И доблесть старого Катона
Часто вином, говорят, крепилась. [5]
 
   На галерее, где уже уснули птицы, раздались приглушенные шаги. Появилась ночная гостья, закутанная в шали, печальная, заплаканная – притворщица, нацелившаяся на прощальный подарок: роскошное ожерелье из золота и серебра – камни на вид хороши, но, ясное дело, завтра же надо снести их к какому-нибудь ювелиру, узнать, чего они стоят. В перерыве между рыданиями и поцелуями она требует вина получше, чем в графине, из которого они пьют, хоть и считается, будто оно из Испании, а дает осадок, лучше и не взбалтывать, она-то знает в этом толк, такое вино хоть в клизму наливай, хоть мой себе это самое место – выкладывала она все словечки, украшавшие ее разухабистую речь, – пускай пьют его Хозяин и слуга, тоже мне ценители тупоголовые! А тебя, что ли, во дворце на свет породили, надралась вот сегодня ночью, да ведь ты поломойкой была, за кукурузный початок на работе надрывалась, когда, причастившись святых даров и получив папское благословение, скончалась моя добрая, чистая супруга!… Но вот Франсискильо, нацедив вина из самого заветного бочонка, сразу укротил ее язык и распалил дух, и ночная гостья, выставив напоказ груди, уселась, бесстыдно скрестив ноги, а рука Хозяина уже запуталась в кружевах ее нижней юбки, стремясь к жаркому segreta cosa [6], воспетому Данте. Прислужник, стараясь поддержать настроение, взял свою гитару и пел утренние псалмы царя Давида, затем перешел к дневным песням о неверных красавицах – о, я покинут, любимая скрылась и никогда не вернется, а я страдаю, страдаю, страдаю от вечной любви, – пока Хозяину не надоела эта старая дребедень и он, усадив ночную гостью на колени, не потребовал что-нибудь более современное, что-нибудь из того, чему учили в школе, куда он немало денег переплатил за его уроки. И по обширным покоям каменного дома, под сводами, расписанными розовыми ангелочками, среди ящиков – тех, что остаются, и тех, что едут, – набитых серебряными тазами и кувшинами, серебряными шпорами, серебряными пуговицами, серебряными ларчиками, понесся голос слуги, с особым местным акцентом произносившего слова итальянской песни – вполне подходящей в этот день, – песни, которой маэстро научил его накануне:
 
Ah, dolente partita,
Ah, dolente partita!… [7]
 
   Но тут раздался стук дверного молотка у главного входа. Голос певца прервался, а Хозяин, положив руку на струны, приглушил гитару: «Поди-ка взгляни… Но никого не пускай, хватит уже, целых три дня прощаются…» Вдали заскрипели дверные петли, кто-то от имени сопровождающих попросил прощения, смутно послышалось: «Благодарю, благодарю вас», потом: «Потише, не разбудите его» – и пожелания на разные голоса: «Спокойной ночи».

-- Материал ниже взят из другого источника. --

lemma indep_events_prob_Inter_lessThan:
  fixes A :: "nat \<Rightarrow> 'a set"
  assumes indep: "indep_events A {..<t}" and prob_A: "\<And>j. j < t \<Longrightarrow> prob (A j) = p" and "k \<le> t"
  shows Inter_lessThan_in_events: "space M \<inter> (\<Inter>j<k. A j) \<in> events"
    and prob_Inter_lessThan: "prob (space M \<inter> (\<Inter>j<k. A j)) = p ^ k"
proof -
  have events: "A j \<in> events" if "j < t" for j
    using indep that by (auto simp: indep_events_def)
  then show "space M \<inter> (\<Inter>j<k. A j) \<in> events"
    using \<open>k \<le> t\<close> by (cases "k = 0") (auto intro!: sets.Int sets.finite_INT)
  show "prob (space M \<inter> (\<Inter>j<k. A j)) = p ^ k"
  proof (cases "k = 0")
    case False
    have "space M \<inter> (\<Inter>j<k. A j) = (\<Inter>j<k. A j)"
      using False events \<open>k \<le> t\<close> sets.sets_into_space by fastforce
    moreover have "prob (\<Inter>j<k. A j) = (\<Prod>j<k. prob (A j))"
      using indep False \<open>k \<le> t\<close> unfolding indep_events_def
      by (auto dest!: spec[of _ "{..<k}"])
    ultimately show ?thesis
      using \<open>k \<le> t\<close> by (simp add: prob_A)
  qed (simp add: measure_def emeasure_space_1)
qed

lemma expectation_sum_indicator:
  assumes "finite K" and "\<And>k. k \<in> K \<Longrightarrow> B k \<in> events"
  shows "expectation (\<lambda>\<omega>. \<Sum>k\<in>K. indicator (B k) \<omega>) = (\<Sum>k\<in>K. prob (B k))"
  using assms
  by (subst Bochner_Integration.integral_sum) (auto simp: sets.Int_space_eq2 emeasure_eq_measure intro!: sum.cong)

lemma std_complex_gaussian_vec_prefix_below:
  assumes "std_complex_gaussian_vec M t h" and "\<alpha> > 0" and "k \<le> t"
  shows std_complex_gaussian_vec_prefix_below_in_events:
      "{\<omega>\<in>space M. \<forall>j<k. (cmod (h \<omega> j))\<^sup>2 < \<alpha>} \<in> events"
    and std_complex_gaussian_vec_prob_prefix_below:
      "prob {\<omega>\<in>space M. \<forall>j<k. (cmod (h \<omega> j))\<^sup>2 < \<alpha>} = (1 - exp (-\<alpha>)) ^ k"
proof -
  define A where "A j = {\<omega>\<in>space M. (cmod (h \<omega> j))\<^sup>2 < \<alpha>}" for j
  have prefix: "{\<omega>\<in>space M. \<forall>j<k. (cmod (h \<omega> j))\<^sup>2 < \<alpha>} = space M \<inter> (\<Inter>j<k. A j)"
    by (auto simp: A_def)
  have indep: "indep_events A {..<t}"
    unfolding A_def using std_complex_gaussian_vec_indep_components[OF assms(1)]
    by (rule indep_eventsI_indep_vars) simp
  have prob_A: "prob (A j) = 1 - exp (-\<alpha>)" if "j < t" for j
    unfolding A_def using assms(1) that assms(2) by (rule std_complex_gaussian_vec_prob_cmod_sq_less)
  show "{\<omega>\<in>space M. \<forall>j<k. (cmod (h \<omega> j))\<^sup>2 < \<alpha>} \<in> events"
    unfolding prefix using indep prob_A assms(3) by (rule Inter_lessThan_in_events)
  show "prob {\<omega>\<in>space M. \<forall>j<k. (cmod (h \<omega> j))\<^sup>2 < \<alpha>} = (1 - exp (-\<alpha>)) ^ k"
    unfolding prefix using indep prob_A assms(3) by (rule prob_Inter_lessThan)
qed

end

lemma runB_selected_le: "fst (runB \<alpha> g i n) \<le> i + n"
proof (induction n arbitrary: i)
  case (Suc n)
  from Suc[of "Suc i"] show ?case
    by (auto simp: case_prod_beta)
qed simp

lemma runB_selected_good_iff:
  "\<alpha> \<le> (cmod (g (fst (runB \<alpha> g i n))))\<^sup>2 \<longleftrightarrow> (\<exists>j<Suc n. \<alpha> \<le> (cmod (g (i + j)))\<^sup>2)"
proof (induction n arbitrary: i)
  case (Suc n)
  from Suc[of "Suc i"] show ?case
    by (subst Ex_less_Suc2) (auto simp: case_prod_beta)
qed simp

lemma runB_training_length:
  "length (fst (snd (runB \<alpha> g i n))) = (\<Sum>k<Suc n. of_bool (\<forall>j<k. (cmod (g (i + j)))\<^sup>2 < \<alpha>))"
proof (induction n arbitrary: i)
  case (Suc n)
  from Suc[of "Suc i"] show ?case
    by (subst sum.lessThan_Suc_shift)
       (auto simp: case_prod_beta All_less_Suc2 simp del: sum.lessThan_Suc)
qed simp

lemma runB_feedback_length:
  "length (snd (snd (runB \<alpha> g i n))) = length (fst (snd (runB \<alpha> g i n)))"
  by (induction n arbitrary: i) (auto simp: case_prod_beta)

lemma cinner_basis_vec: "j < t \<Longrightarrow> cinner t (basis_vec j) g = g j"
  unfolding cinner_def basis_vec_def
  by (simp add: if_distrib[of cnj] if_distrib[of "\<lambda>c. c * _"] sum.delta cong: if_cong)

lemma is_arg_max_arg_max_finite:
  fixes f :: "'a \<Rightarrow> 'b::linorder"
  assumes "finite {x. P x}" and "P x"
  shows "is_arg_max f P (arg_max f P)"
proof -
  have "Max (f ` {x. P x}) \<in> f ` {x. P x}"
    using assms by (intro Max_in) auto
  then obtain m where "P m" and "f m = Max (f ` {x. P x})"
    by auto
  then have "is_arg_max f P m"
    using assms(1) by (auto simp: is_arg_max_linorder)
  then show ?thesis
    unfolding arg_max_def by (rule someI)
qed

lemma schemeA_outage_iff:
  assumes "t \<ge> 1"
  shows "(cmod (cinner t (schemeA_bf t g) g))\<^sup>2 < \<alpha> \<longleftrightarrow> (\<forall>j<t. (cmod (g j))\<^sup>2 < \<alpha>)"
proof -
  let ?J = "ARG_MAX (\<lambda>i. cmod (g i)) i. i < t"
  have "?J < t" and "\<And>j. j < t \<Longrightarrow> cmod (g j) \<le> cmod (g ?J)"
    using is_arg_max_arg_max_finite[of "\<lambda>i. i < t" 0 "\<lambda>i. cmod (g i)"] assms
    by (auto simp: is_arg_max_linorder)
  then show ?thesis
    unfolding schemeA_bf_def cinner_basis_vec[OF \<open>?J < t\<close>]
    by (meson le_less_trans norm_ge_zero power_mono)
qed

lemma schemeB_outage_iff:
  assumes "t \<ge> 1"
  shows "(cmod (cinner t (schemeB_bf t \<alpha> g) g))\<^sup>2 < \<alpha> \<longleftrightarrow> (\<forall>j<t. (cmod (g j))\<^sup>2 < \<alpha>)"
proof -
  have "fst (schemeB t \<alpha> g) < t"
    using runB_selected_le[of \<alpha> g 0 "t - 1"] assms by (simp add: schemeB_def)
  then show ?thesis
    using runB_selected_good_iff[of \<alpha> g 0 "t - 1"] assms
    by (auto simp: schemeB_bf_def schemeB_def cinner_basis_vec not_le)
qed

lemma schemeB_training_length:
  assumes "t \<ge> 1"
  shows "length (fst (snd (schemeB t \<alpha> g))) = (\<Sum>k<t. of_bool (\<forall>j<k. (cmod (g j))\<^sup>2 < \<alpha>))"
  using assms by (simp add: schemeB_def runB_training_length)

lemma frB_eq_tlB: "frB M t \<alpha> h = tlB M t \<alpha> h"
  by (simp add: frB_def tlB_def schemeB_def runB_feedback_length)

lemma sum_power_one_minus_exp_neg:
  fixes \<alpha> :: real
  shows "(\<Sum>k<t. (1 - exp (-\<alpha>)) ^ k) = exp \<alpha> * (1 - (1 - exp (-\<alpha>)) ^ t)"
proof -
  have "(\<Sum>k<t. (1 - exp (-\<alpha>)) ^ k) = (1 - (1 - exp (-\<alpha>)) ^ t) / exp (-\<alpha>)"
    by (simp add: sum_gp_strict)
  also have "\<dots> = exp \<alpha> * (1 - (1 - exp (-\<alpha>)) ^ t)"
    by (simp add: exp_minus divide_inverse mult.commute)
  finally show ?thesis .
qed

theorem theorem1:
  fixes M :: "'a measure" and t :: nat and \<alpha> :: real and h :: "'a \<Rightarrow> nat \<Rightarrow> complex"
  assumes "prob_space M" and "t \<ge> 1" and "\<alpha> > 0"
    and "std_complex_gaussian_vec M t h"
  shows "outage M t \<alpha> h (schemeB_bf t \<alpha>) = (1 - exp (-\<alpha>)) ^ t
    \<and> outage M t \<alpha> h (schemeA_bf t) = (1 - exp (-\<alpha>)) ^ t
    \<and> tlB M t \<alpha> h = exp \<alpha> * (1 - (1 - exp (-\<alpha>)) ^ t)
    \<and> frB M t \<alpha> h = exp \<alpha> * (1 - (1 - exp (-\<alpha>)) ^ t)
    \<and> exp \<alpha> * (1 - (1 - exp (-\<alpha>)) ^ t) < exp \<alpha>"
proof -
  interpret prob_space M by fact
  define B where "B k = {\<omega>\<in>space M. \<forall>j<k. (cmod (h \<omega> j))\<^sup>2 < \<alpha>}" for k
  have B_events: "B k \<in> events" if "k \<le> t" for k
    unfolding B_def using assms(4,3) that by (rule std_complex_gaussian_vec_prefix_below_in_events)
  have prob_B: "prob (B k) = (1 - exp (-\<alpha>)) ^ k" if "k \<le> t" for k
    unfolding B_def using assms(4,3) that by (rule std_complex_gaussian_vec_prob_prefix_below)
  have outage_B: "outage M t \<alpha> h (schemeB_bf t \<alpha>) = (1 - exp (-\<alpha>)) ^ t"
    using prob_B[of t] by (simp add: outage_def schemeB_outage_iff[OF assms(2)] B_def)
  have outage_A: "outage M t \<alpha> h (schemeA_bf t) = (1 - exp (-\<alpha>)) ^ t"
    using prob_B[of t] by (simp add: outage_def schemeA_outage_iff[OF assms(2)] B_def)
  have "tlB M t \<alpha> h = expectation (\<lambda>\<omega>. \<Sum>k<t. indicator (B k) \<omega>)"
    unfolding tlB_def schemeB_training_length[OF assms(2)]
    by (intro Bochner_Integration.integral_cong) (auto simp: B_def indicator_def)
  also have "\<dots> = (\<Sum>k<t. prob (B k))"
    using B_events by (intro expectation_sum_indicator) auto
  also have "\<dots> = exp \<alpha> * (1 - (1 - exp (-\<alpha>)) ^ t)"
    by (simp add: prob_B sum_power_one_minus_exp_neg)
  finally show ?thesis
    using outage_B outage_A assms(3) by (simp add: frB_eq_tlB)
qed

   Слуга вернулся, неся свернутый рулоном большой лист голландской бумаги, где четким, округлым почерком были записаны последние поручения и просьбы – из тех, что приходят на ум остающимся, когда путник уже вдел ногу в стремя, – его друзей и сотрапезников.

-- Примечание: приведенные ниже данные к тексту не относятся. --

lemma subalgebra_O_alg:
  assumes "\<And>j. 1 \<le> j \<Longrightarrow> (\<lambda>\<omega>. I i j \<omega> *\<^sub>R g i j \<omega>) \<in> borel_measurable M"
    and "\<And>j. 1 \<le> j \<Longrightarrow> I i j \<in> borel_measurable M"
  shows "subalgebra M (O_alg M g I i)"
  unfolding O_alg_def using assms
  by (intro subalgebra_sigma) (auto dest!: rv_events_subset_sets)

lemma
  assumes "1 \<le> j"
  shows measurable_O_alg_indicator: "I i j \<in> borel_measurable (O_alg M g I i)"
    and measurable_O_alg_product: "(\<lambda>\<omega>. I i j \<omega> *\<^sub>R g i j \<omega>) \<in> borel_measurable (O_alg M g I i)"
  unfolding O_alg_def using assms
  by (auto intro!: measurable_sigma_rv_events dest: rv_events_subset_Pow[THEN subsetD])

lemma measurable_O_alg_component:
  fixes g :: "nat \<Rightarrow> nat \<Rightarrow> 'w \<Rightarrow> 'v::euclidean_space"
  assumes "1 \<le> j"
  shows "(\<lambda>\<omega>. I i j \<omega> * (g i j \<omega> \<bullet> e)) \<in> borel_measurable (O_alg M g I i)"
proof -
  have [measurable]: "(\<lambda>\<omega>. I i j \<omega> *\<^sub>R g i j \<omega>) \<in> borel_measurable (O_alg M g I i)"
    by (rule measurable_O_alg_product[OF assms])
  have "(\<lambda>\<omega>. (I i j \<omega> *\<^sub>R g i j \<omega>) \<bullet> e) \<in> borel_measurable (O_alg M g I i)"
    by measurable
  then show ?thesis
    by simp
qed

lemma space_sig_rv [simp]: "space (sig_rv M X) = space M"
  unfolding sig_rv_def by (simp add: space_measure_of_conv)

lemma sets_sig_rv: "sets (sig_rv M X) = {X -` A \<inter> space M | A. A \<in> sets borel}"
proof -
  have "sets (sig_rv M X) = sets (vimage_algebra (space M) X borel)"
    unfolding sig_rv_def rv_events_def sets_vimage_algebra
    by (rule sets_measure_of) auto
  also have "\<dots> = {X -` A \<inter> space M | A. A \<in> sets borel}"
    by (rule sets_vimage_algebra2) auto
  finally show ?thesis .
qed

lemma subalgebra_sig_rv: "X \<in> borel_measurable M \<Longrightarrow> subalgebra M (sig_rv M X)"
  unfolding sig_rv_def by (intro subalgebra_sigma rv_events_subset_sets)

lemma sig_rv_measurable_fibrewise_const:
  fixes \<psi> :: "'w \<Rightarrow> 'b::t1_space"
  assumes "\<psi> \<in> borel_measurable (sig_rv M X)" "w \<in> space M" "w' \<in> space M" "X w = X w'"
  shows "\<psi> w = \<psi> w'"
proof -
  have "\<psi> -` {\<psi> w} \<inter> space (sig_rv M X) \<in> sets (sig_rv M X)"
    by (intro measurable_sets[OF assms(1)] borel_closed closed_singleton)
  then obtain B where B: "\<psi> -` {\<psi> w} \<inter> space M = X -` B \<inter> space M"
    unfolding sets_sig_rv by auto
  have "w \<in> X -` B" using B assms(2) by blast
  then have "w' \<in> \<psi> -` {\<psi> w} \<inter> space M" using B assms(3,4) by auto
  then show ?thesis by simp
qed

section \<open>Conditional expectations\<close>

(* When the event {I = 1} is null the division by zero yields 0, which matches the paper's
   convention of discarding censored terms with E[I] = 0. *)
definition mean_given :: "'w measure \<Rightarrow> ('w \<Rightarrow> real) \<Rightarrow> ('w \<Rightarrow> real) \<Rightarrow> real" where
  "mean_given M W I = (\<integral>w. W w * I w \<partial>M) / (\<integral>w. I w \<partial>M)"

   Бергамотовое эфирное масло, мандолину с перламутровыми инкрустациями в кремонском вкусе – для дочери – и бочонок мараскина из Зары просил инспектор мер и весов. Два фонарика, по болонской моде, к налобнику для упряжных лошадей просил Иньиго, серебряных дел мастер, наверняка намереваясь взять их за образец для новых изделий в угоду местным заказчикам. Один экземпляр Bibliotheka Orientalis [8] от Ассемино, торгующего книгами в Ватикане, просил приходский священник, кроме нескольких «римских монеток» – конечно, если это не слишком дорого! – для своей нумизматической коллекции, и еще по возможности яшмовую трость с золоченой рукоятью (совсем не обязательно, чтобы золотая), какие присылают в длинных чехлах, подбитых алым бархатом. Нотариус мечтал о некоей редкости: колоде карт неведомого здесь рисунка, придуманной якобы художником Микеланджело, чтобы обучать детей арифметике, причем вместо обычных мастей – червонной, трефовой, бубновой и пиковой – на картах красовались звезды, солнце и луна, папа римский, дьявол, смерть, повешенный, безумец – последняя карта сводила на нет всю игру – и трубы Страшного суда, которые означали победный выигрыш. («Все это для ворожбы и гадания», – уверяла женщина, прислушиваясь к чтению списка и снимая тем временем браслеты и чулки.) Но прелестнее всего была просьба судьи Эмерито: для своей коллекции редкостей он хотел получить ни больше ни меньше как образцы итальянского мрамора, настаивая, чтобы среди них были – по возможности – темно-синий, мраморная мозаика, сиенский желтый, не говоря уж о белом пентелийском и красном нумидииском, весьма употребительном в древности, а может быть, также кусочек пятнистого с отпечатками раковин в прожилках и, если не очень затруднит его такая любезность, плиточка переливчатого, зеленого, зеленоватого, в разводах, – такой можно увидеть в иных ренессансных пантеонах…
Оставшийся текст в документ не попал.